[Prompt] Would it be possible to quote, exactly and in full, the lines from the one with "finally show ?thesis ." through the end of the entries below?

(Records from a data collection)
***

section \<open>The Lifshitz--Petrich Hessian\<close>

lemma LP_lin_axis:
  fixes grid :: "'g::finite \<Rightarrow> 'n::finite \<Rightarrow> nat"
  shows "LP_lin A B N grid q1 q2 (axis t 1) $ s =
    (\<Sum>k\<in>modes N. LP_symbol q1 q2 B k *
       cos (freq B k \<bullet> grid_pt A N grid s - freq B k \<bullet> grid_pt A N grid t)) / real CARD('g)"
proof -
  let ?\<phi> = "\<lambda>k s. freq B k \<bullet> grid_pt A N grid s"
  have DFT_axis: "DFT A B N grid (axis t 1) k = exp (- \<i> * of_real (?\<phi> k t)) / of_nat CARD('g)" for k
    unfolding DFT_def axis_def
    by (simp add: if_distrib[of complex_of_real] if_distrib[of "\<lambda>x. x * _"] sum.delta cong: if_cong)
  have "exp (- \<i> * of_real (?\<phi> k t)) * exp (\<i> * of_real (?\<phi> k s)) = exp (\<i> * of_real (?\<phi> k s - ?\<phi> k t))"
    for k by (simp add: exp_add[symmetric] algebra_simps)
  then have "Re (of_real (LP_symbol q1 q2 B k) * DFT A B N grid (axis t 1) k * exp (\<i> * of_real (?\<phi> k s)))
      = LP_symbol q1 q2 B k * cos (?\<phi> k s - ?\<phi> k t) / real CARD('g)" for k
    unfolding DFT_axis by (simp add: Re_exp mult.assoc)
  then show ?thesis
    unfolding LP_lin_def IDFT_def vec_lambda_beta Re_sum by (simp add: sum_divide_distrib)
qed

lemma LP_hess_symmetric: "transpose (LP_hess A B N grid q1 q2 \<epsilon> \<alpha> U) = LP_hess A B N grid q1 q2 \<epsilon> \<alpha> U"
proof -
  have "LP_lin A B N grid q1 q2 (axis j 1) $ i = LP_lin A B N grid q1 q2 (axis i 1) $ j" for i j
    unfolding LP_lin_axis by (subst cos_minus[symmetric]) (simp only: minus_diff_eq)
  then show ?thesis
    unfolding LP_hess_def by (simp add: vec_eq_iff transpose_def)
qed

lemma gip_eq_inner: "gip v w = (v \<bullet> w) / real CARD('g)"
  for v w :: "real^'g::finite"
  by (simp add: gip_def inner_vec_def)

theorem lemma4p1:
  fixes A B :: "real^'n::finite^'n" and N :: nat and grid :: "'g::finite \<Rightarrow> 'n \<Rightarrow> nat"
    and q1 q2 \<epsilon> \<alpha> :: real and U Ubar v :: "real^'g"
  assumes "invertible A"
    and "A ** transpose B = (2 * pi) *\<^sub>R mat 1"
    and "bij_betw grid UNIV {j. \<forall>i. j i < N}"
    and "\<exists>Ustar. is_GLM A B N grid q1 q2 \<epsilon> \<alpha> Ustar
                \<and> in_GQR A B N grid q1 q2 \<epsilon> \<alpha> Ustar U
                \<and> in_GQR A B N grid q1 q2 \<epsilon> \<alpha> Ustar Ubar"
    and "dim (Wk (LP_hess A B N grid q1 q2 \<epsilon> \<alpha> U))
           \<le> dim (Wk (LP_hess A B N grid q1 q2 \<epsilon> \<alpha> Ubar))"
    and "sin_Theta_norm (Wk (LP_hess A B N grid q1 q2 \<epsilon> \<alpha> U))
                        (Wk (LP_hess A B N grid q1 q2 \<epsilon> \<alpha> Ubar)) < 1"
    and "is_constrained_min (LP_hess A B N grid q1 q2 \<epsilon> \<alpha> U)
                            (Wk (LP_hess A B N grid q1 q2 \<epsilon> \<alpha> Ubar)) v"
  shows "orth_proj (Ws (LP_hess A B N grid q1 q2 \<epsilon> \<alpha> U)) v \<noteq> 0"
proof
  let ?H = "\<lambda>X. LP_hess A B N grid q1 q2 \<epsilon> \<alpha> X"
  assume proj: "orth_proj (Ws (?H U)) v = 0"
  have v_orth_Ws: "v \<bullet> w = 0" if "w \<in> Ws (?H U)" for w
    by (rule orth_proj_eq_0_imp_orthogonal[OF subspace_Ws proj that])
  obtain Ustar where "is_GLM A B N grid q1 q2 \<epsilon> \<alpha> Ustar" "in_GQR A B N grid q1 q2 \<epsilon> \<alpha> Ustar U"
    using assms(4) by blast
  then have "no_neg_eigval (?H U)"
    unfolding is_GLM_def in_GQR_def by (simp add: neg_index_eq_0_iff[OF LP_hess_symmetric, symmetric])
  then have "v \<in> Wk (?H U)"
    using orthogonal_Ws_imp_kernel[OF LP_hess_symmetric _ v_orth_Ws] by (simp add: Wk_eq_kernel)
  moreover have "v \<noteq> 0" and "\<And>w. w \<in> Wk (?H Ubar) \<Longrightarrow> v \<bullet> w = 0"
    using assms(7) unfolding is_constrained_min_def gip_eq_inner by auto
  ultimately have "sin_Theta_norm (Wk (?H U)) (Wk (?H Ubar)) = 1"
    by (rule sin_Theta_norm_eq_1_if_orthogonal[OF subspace_Wk subspace_Wk assms(5)])
  with assms(6) show False by simp
qed

end
lemma L_adj_iff_disjoint_moved:
  assumes D: "D \<in> Delta n" and E: "E \<in> Delta n" and s: "s \<in> D" and t: "t \<in> E"
  shows "L_adj n D E \<longleftrightarrow> moved s \<inter> moved t = {}"
proof
  assume "L_adj n D E"
  then obtain i j k p q r where "i < j" "j < k" "p < q" "q < r" "D = Delta_ijk i j k" "E = Delta_ijk p q r"
    "{i, j, k} \<inter> {p, q, r} = {}" unfolding L_adj_def by blast
  then show "moved s \<inter> moved t = {}"
    using moved_mem_Delta_ijk[of s i j k] moved_mem_Delta_ijk[of t p q r] s t by simp
next
  assume disj: "moved s \<inter> moved t = {}"
  obtain i j k where ijk: "1 \<le> i" "i < j" "j < k" "k \<le> n" "D = Delta_ijk i j k"
    using D unfolding Delta_def by blast
  obtain p q r where pqr: "1 \<le> p" "p < q" "q < r" "r \<le> n" "E = Delta_ijk p q r"
    using E unfolding Delta_def by blast
  have "{i, j, k} \<inter> {p, q, r} = {}"
    using moved_mem_Delta_ijk[of s i j k] moved_mem_Delta_ijk[of t p q r] s t ijk pqr disj by simp
  then show "L_adj n D E" unfolding L_adj_def using ijk pqr by blast
qed

lemma Delta_subset_three_cycles: "D \<in> Delta n \<Longrightarrow> D \<subseteq> three_cycles n"
  unfolding Delta_iff using three_cycle_square(1) by auto

lemma L_adj_iff_no_common_three_cycle_neighbour:
  assumes "D \<in> Delta n" "E \<in> Delta n"
  shows "L_adj n D E \<longleftrightarrow> \<not> has_common_three_cycle_neighbour n D E"
proof -
  obtain s t where st: "s \<in> three_cycles n" "t \<in> three_cycles n" "D = {s, s \<circ> s}" "E = {t, t \<circ> t}"
    using assms Delta_iff by metis
  then have "L_adj n D E \<longleftrightarrow> moved s \<inter> moved t = {}"
    using L_adj_iff_disjoint_moved[OF assms] by blast
  then show ?thesis using has_common_three_cycle_neighbour_iff st by simp
qed

lemma Delta_eq_image: "Delta n = (\<lambda>s. {s, s \<circ> s}) ` three_cycles n"
  using Delta_iff by blast

lemma CAG_stab_image_Delta:
  assumes "n \<ge> 5" and g: "g \<in> CAG_stab n"
  shows "(\<lambda>D. g ` D) ` Delta n = Delta n"
proof -
  have "(\<lambda>D. g ` D) ` Delta n = (\<lambda>s. {g s, g s \<circ> g s}) ` three_cycles n"
    unfolding Delta_eq_image image_image using CAG_stab_square[OF assms] by (intro image_cong) auto
  also have "\<dots> = (\<lambda>s. {s, s \<circ> s}) ` g ` three_cycles n"
    by (simp add: image_image)
  finally show ?thesis unfolding CAG_stab_image_three_cycles[OF g] Delta_eq_image .
qed

theorem lemma3p5:
  fixes n :: nat and g :: "(nat \<Rightarrow> nat) \<Rightarrow> (nat \<Rightarrow> nat)"
  assumes "n \<ge> 5" and "g \<in> CAG_stab n"
  shows "(\<forall>D \<in> Delta n. g ` D \<in> Delta n) \<and> L_aut n (\<lambda>D. g ` D)"
proof -
  have image: "(\<lambda>D. g ` D) ` Delta n = Delta n" using CAG_stab_image_Delta[OF assms] .
  have "inj_on g (alt_group_set n)"
    using assms(2) unfolding CAG_stab_def CAG_aut_def bij_betw_def by blast
  moreover have "D \<subseteq> alt_group_set n" if "D \<in> Delta n" for D
    using Delta_subset_three_cycles[OF that] three_cycles_subset_alt_group_set by blast
  ultimately have inj: "inj_on (\<lambda>D. g ` D) (Delta n)"
    by (metis (no_types, lifting) inj_onI inj_on_image_eq_iff)
  have "L_adj n (g ` D) (g ` E) \<longleftrightarrow> L_adj n D E" if D: "D \<in> Delta n" and E: "E \<in> Delta n" for D E
  proof -
    have "g ` D \<in> Delta n" "g ` E \<in> Delta n" using image D E by blast+
    then have "L_adj n (g ` D) (g ` E) \<longleftrightarrow> \<not> has_common_three_cycle_neighbour n (g ` D) (g ` E)"
      by (rule L_adj_iff_no_common_three_cycle_neighbour)
    also have "\<dots> \<longleftrightarrow> \<not> has_common_three_cycle_neighbour n D E"
      using CAG_stab_has_common_three_cycle_neighbour[OF assms(2)] Delta_subset_three_cycles D E by blast
    also have "\<dots> \<longleftrightarrow> L_adj n D E" using L_adj_iff_no_common_three_cycle_neighbour[OF D E] by blast
    finally show ?thesis .
  qed
  then show ?thesis using image inj unfolding L_aut_def bij_betw_def by blast
qed

end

***

[Response]
    finally show ?thesis .
  qed
  then show ?thesis using image inj unfolding L_aut_def bij_betw_def by blast
qed

end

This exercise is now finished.